Guest Post, courtesy of Stan Faryna
Stan Faryna is a daddy, tech and design industry entrepreneur, social entrepreneur, author, blogger, design wonk, and former national Director of IAB Europe. His blog is here: http://stanfaryna.wordpress.com
A Bigger Picture of Online Community
Philosophical reflections may or may not appeal to you. Beyond the question of appeal, should be the question of relevance. Here, in Part One, I reflect philosophically about the online community because any influencer or would-be influencer must understand what community is about and how it’s must provide structure for human behavior and action toward common goods.
In generic terms, we need communities (and each other) to succeed on the social web. Jon Buscall wrote a passionate blog post about the subject here:
http://jontusmedia.com/build-an-army-not-a-tribe/
If you are an American, you know that the Founding Fathers launched “the American Experiment” with considerable deep think, passionate argument, and commitment to dialogue.

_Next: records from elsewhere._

(* Let $0<e_0\le1$ and let $d\ge1$ be an integer. For any instance of $P_m, e_{i,k}\ge e_0\mid\mid C_{\max}$, Algorithm 1 with parameter $d$ returns a schedule with makespan at most $\left(1+\frac{m}{d\, e_0}\right)C^*_{\max}$, where $C^*_{\max}$ is the optimal makespan.
   Context: Shared-processing parallel machine scheduling: $m$ identical machines $M_1,\dots,M_m$, $n$ primary jobs available at time $0$ with processing times $p_j>0$, each processed without interruption on one machine, jobs on a machine processed one after another. The time axis of machine $M_i$ is partitioned into consecutive intervals $(0,t_{i,1}],(t_{i,1},t_{i,2}],\dots$ with sharing ratios $e_{i,k}\in(0,1]$; during the $k$-th interval $M_i$ processes primary work at rate $e_{i,k}$. In $P_m, e_{i,k}\ge e_0\mid\mid C_{\max}$ all sharing ratios satisfy $e_{i,k}\ge e_0$ and the goal is to minimize the makespan. LS-ECT: jobs of a list are scheduled one by one; each job is appended after the jobs already assigned to some machine, choosing the machine on which it would complete earliest. Algorithm 1 (parameter $d$): (1) find the $d$ largest jobs (the "large" jobs); (2) for each of the possible assignments of the large jobs to the machines, schedule the large jobs on their assigned machines and then schedule the remaining jobs using LS-ECT; (3) return, among all schedules obtained in step (2), one with minimum makespan. *)

theory Defs
  imports Complex_Main
begin

text \<open>Machines are indexed 0..<m, jobs 0..<n.
  Machine i has breakpoints t i 0 = 0 < t i 1 < t i 2 < ... (unbounded);
  during the k-th interval (t i k, t i (Suc k)] it processes primary work at rate e i k.\<close>

text \<open>Primary work processed on machine i during (0, T].\<close>
definition cum :: "(nat \<Rightarrow> nat \<Rightarrow> real) \<Rightarrow> (nat \<Rightarrow> nat \<Rightarrow> real) \<Rightarrow> nat \<Rightarrow> real \<Rightarrow> real" where
  "cum t e i T = (\<Sum>k < (LEAST N. T \<le> t i N). e i k * (min T (t i (Suc k)) - t i k))"

definition compl :: "(nat \<Rightarrow> nat \<Rightarrow> real) \<Rightarrow> (nat \<Rightarrow> nat \<Rightarrow> real) \<Rightarrow> nat \<Rightarrow> real \<Rightarrow> real \<Rightarrow> real" where
  "compl t e i S q = (THE C. S \<le> C \<and> cum t e i C - cum t e i S = q)"

text \<open>A schedule: machine assignment and start times of jobs.\<close>
type_synonym schedule = "(nat \<Rightarrow> nat) \<times> (nat \<Rightarrow> real)"

definition completion :: "(nat \<Rightarrow> nat \<Rightarrow> real) \<Rightarrow> (nat \<Rightarrow> nat \<Rightarrow> real) \<Rightarrow> (nat \<Rightarrow> real) \<Rightarrow> schedule \<Rightarrow> nat \<Rightarrow> real" where
  "completion t e p \<sigma> j = compl t e (fst \<sigma> j) (snd \<sigma> j) (p j)"

definition makespan :: "(nat \<Rightarrow> nat \<Rightarrow> real) \<Rightarrow> (nat \<Rightarrow> nat \<Rightarrow> real) \<Rightarrow> (nat \<Rightarrow> real) \<Rightarrow> nat \<Rightarrow> schedule \<Rightarrow> real" where
  "makespan t e p n \<sigma> = Max (insert 0 {completion t e p \<sigma> j | j. j < n})"
lemma openin_hit_count_greater:
  assumes "finite I" and cont: "\<And>i. i \<in> I \<Longrightarrow> continuous_map X X (\<phi> i)"
    and U: "openin X U"
  shows "openin X {x \<in> topspace X. t < hit_count I \<phi> U x}"
proof (subst openin_subopen, intro ballI)
  fix x assume x: "x \<in> {x \<in> topspace X. t < hit_count I \<phi> U x}"
  define J where "J = {i \<in> I. \<phi> i x \<in> U}"
  define V where "V = (\<Inter>i\<in>J. {y \<in> topspace X. \<phi> i y \<in> U}) \<inter> topspace X"
  have "openin X V"
    unfolding V_def using \<open>finite I\<close> cont U
    by (intro openin_INT) (auto simp: J_def intro: openin_continuous_map_preimage)
  moreover have "x \<in> V"
    using x by (auto simp: V_def J_def)
  moreover have "V \<subseteq> {x \<in> topspace X. t < hit_count I \<phi> U x}"
  proof
    fix y assume y: "y \<in> V"
    then have "J \<subseteq> {i \<in> I. \<phi> i y \<in> U}"
      by (auto simp: V_def J_def)
    then have "hit_count I \<phi> U x \<le> hit_count I \<phi> U y"
      using \<open>finite I\<close> by (simp add: hit_count_eq_card J_def card_mono)
    then show "y \<in> {x \<in> topspace X. t < hit_count I \<phi> U x}"
      using x y by (auto simp: V_def)
  qed
  ultimately show "\<exists>V. openin X V \<and> x \<in> V \<and> V \<subseteq> {x \<in> topspace X. t < hit_count I \<phi> U x}"
    by blast
qed

lemma borel_measurable_hit_count_quotient_open:
  assumes q: "quotient_map X Y q" and "finite I"
    and cont: "\<And>i. i \<in> I \<Longrightarrow> continuous_map X X (\<phi> i)"
    and count_inv: "\<And>x y. x \<in> topspace X \<Longrightarrow> y \<in> topspace X \<Longrightarrow> q x = q y \<Longrightarrow>
                        hit_count I \<phi> U x = hit_count I \<phi> U y"
    and U: "openin X U"
  shows "(\<lambda>y. hit_count I \<phi> U (inv_into (topspace X) q y)) \<in> borel_measurable (borel_measure_of Y)"
proof (rule borel_measurableI_greater)
  fix t
  let ?V = "{y \<in> topspace Y. t < hit_count I \<phi> U (inv_into (topspace X) q y)}"
  have q_onto: "q ` topspace X = topspace Y"
    using q by (simp add: quotient_map_def)
  have "hit_count I \<phi> U (inv_into (topspace X) q (q x)) = hit_count I \<phi> U x"
    if "x \<in> topspace X" for x
    using that by (intro count_inv inv_into_into f_inv_into_f) auto
  then have "{x \<in> topspace X. q x \<in> ?V} = {x \<in> topspace X. t < hit_count I \<phi> U x}"
    using q_onto by auto
  moreover have "openin Y V \<longleftrightarrow> openin X {x \<in> topspace X. q x \<in> V}"
    if "V \<subseteq> topspace Y" for V
    using q that by (simp add: quotient_map_def)
  ultimately have "openin Y ?V"
    using openin_hit_count_greater[OF \<open>finite I\<close> cont U] by simp
  then show "{y \<in> space (borel_measure_of Y). t < hit_count I \<phi> U (inv_into (topspace X) q y)}
               \<in> sets (borel_measure_of Y)"
    unfolding space_borel_measure_of sets_borel_measure_of borel_sets_of_def
    by auto
qed

lemma borel_measurable_hit_count_quotient:
  assumes q: "quotient_map X Y q" and "finite I"
    and cont: "\<And>i. i \<in> I \<Longrightarrow> continuous_map X X (\<phi> i)"
    and count_inv: "\<And>B x y. x \<in> topspace X \<Longrightarrow> y \<in> topspace X \<Longrightarrow> q x = q y \<Longrightarrow>
                          hit_count I \<phi> B x = hit_count I \<phi> B y"
    and B: "B \<in> borel_sets_of X"
  shows "(\<lambda>y. hit_count I \<phi> B (inv_into (topspace X) q y)) \<in> borel_measurable (borel_measure_of Y)"
proof -
  let ?r = "inv_into (topspace X) q"
  have r_in: "\<phi> i (?r y) \<in> topspace X" if "i \<in> I" "y \<in> space (borel_measure_of Y)" for i y
  proof -
    have "?r y \<in> topspace X"
      using q that(2) by (simp add: quotient_map_def inv_into_into)
    then show ?thesis
      using continuous_map_image_subset_topspace[OF cont[OF that(1)]] by blast
  qed
  have "Int_stable {U. openin X U}"
    by (auto simp: Int_stable_def)
  moreover have "{U. openin X U} \<subseteq> Pow (topspace X)"
    by (auto dest: openin_subset)
  ultimately show ?thesis
    using B unfolding borel_sets_of_def
  proof (induction rule: sigma_sets_induct_disjoint)
    case (basic U)
    then have "openin X U"
      by simp
    with q \<open>finite I\<close> cont count_inv show ?case
      by (rule borel_measurable_hit_count_quotient_open)
  next
    case empty
    then show ?case by simp
  next
    case (compl B)
    have complement:
      "hit_count I \<phi> (topspace X - B) (?r y) = of_nat (card I) - hit_count I \<phi> B (?r y)"
      if y: "y \<in> space (borel_measure_of Y)" for y
    proof -
      have hits: "hit_count I \<phi> (topspace X - B) (?r y) + hit_count I \<phi> B (?r y) = of_nat (card I)"
        by (rule hit_count_Diff_add) (rule r_in[OF _ y])
      have "hit_count I \<phi> B (?r y) \<noteq> top"
        using \<open>finite I\<close> by (simp add: hit_count_eq_card)
      then show ?thesis
        unfolding hits[symmetric] by (rule ennreal_add_diff_cancel_right[symmetric])
    qed
    have "(\<lambda>y. hit_count I \<phi> (topspace X - B) (?r y)) \<in> borel_measurable (borel_measure_of Y) \<longleftrightarrow>
          (\<lambda>y. of_nat (card I) - hit_count I \<phi> B (?r y)) \<in> borel_measurable (borel_measure_of Y)"
      by (rule measurable_cong) (rule complement)
    with compl show ?case
      by (auto intro: borel_measurable_minus_ennreal)
  next
    case (union B)
    then show ?case
      by (simp add: hit_count_UN_disjoint borel_measurable_suminf_order)
  qed
qed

They pledged their lives, their fortunes, and their sacred honor to its success.
If you are not an American, the work and story of the men that founded the United States of America serves as lessons in community-building as much as nation-building.
They are history-makers and giants as tall as ibn Khaldun, Aristotle, Aquinas, Churchill, Confucius, Einstein, Gandhi, Heidegger, Martin Luther King Jr., Newton, Nietzsche, and Wojtyla – just to name a few that immediately come to my mind.
This three part series of blog posts is not about giants. It is about online community, why it is relevant, how to build it, and what we can hope to gain by building communities. I am asking you, the reader, to consider the bigger picture of community in Part One (this blog post) and to contribute to a thoughtful conversation in the comment section of this blog post. I also hope that you will follow up on the next two blog posts so that our conversation continues and builds into a conference of good will and commitment.
Expectations in Internet Communities
We all come to social media with expectations. Each of us, in fact, has great expectations. Each of us is ready to be pleasantly surprised (not mildly nor, God forbid, unhappily), for our hearts to be filled with thankfulness and lift. For our hearts to race like screaming engines on a Formula1 race track! Like gazelles leaping across the plain.
With ever more frequent occasion. We want it like moths seek the flame.
Each of us comes to the internet and social media with our own hopes and delusions. This is not easy street. Connections, for example, are not the hard and stable currency that we may have imagined. Community-building, on the other hand, may pay off. It depends on what pay off means to you. But not all communities are equal nor rewarding.
When we participate or build online communities, we are delighted when we discover there is much common ground between us and others, but there are also unspoken differences. The two are never more present when we exercise the greatest of our civil rights, the preservation of our dignity, freedom of speech, and to peacefully assemble in order to exchange and share ideas, affections, and assistance with one another.
Cornerstones of Community – Online and also Offline
Whatever expectations we may bring, however, must be subordinate and serve these cornerstones of community – online and offline. Because these rights are essential to the continuation, expression, and flourishing of our humanity and the communities to which we belong as members. Likewise, no right takes precedence over the other. Freedom of speech (even when we speak from our conscience), for example, must not prevail over our respect for the dignity of the human person.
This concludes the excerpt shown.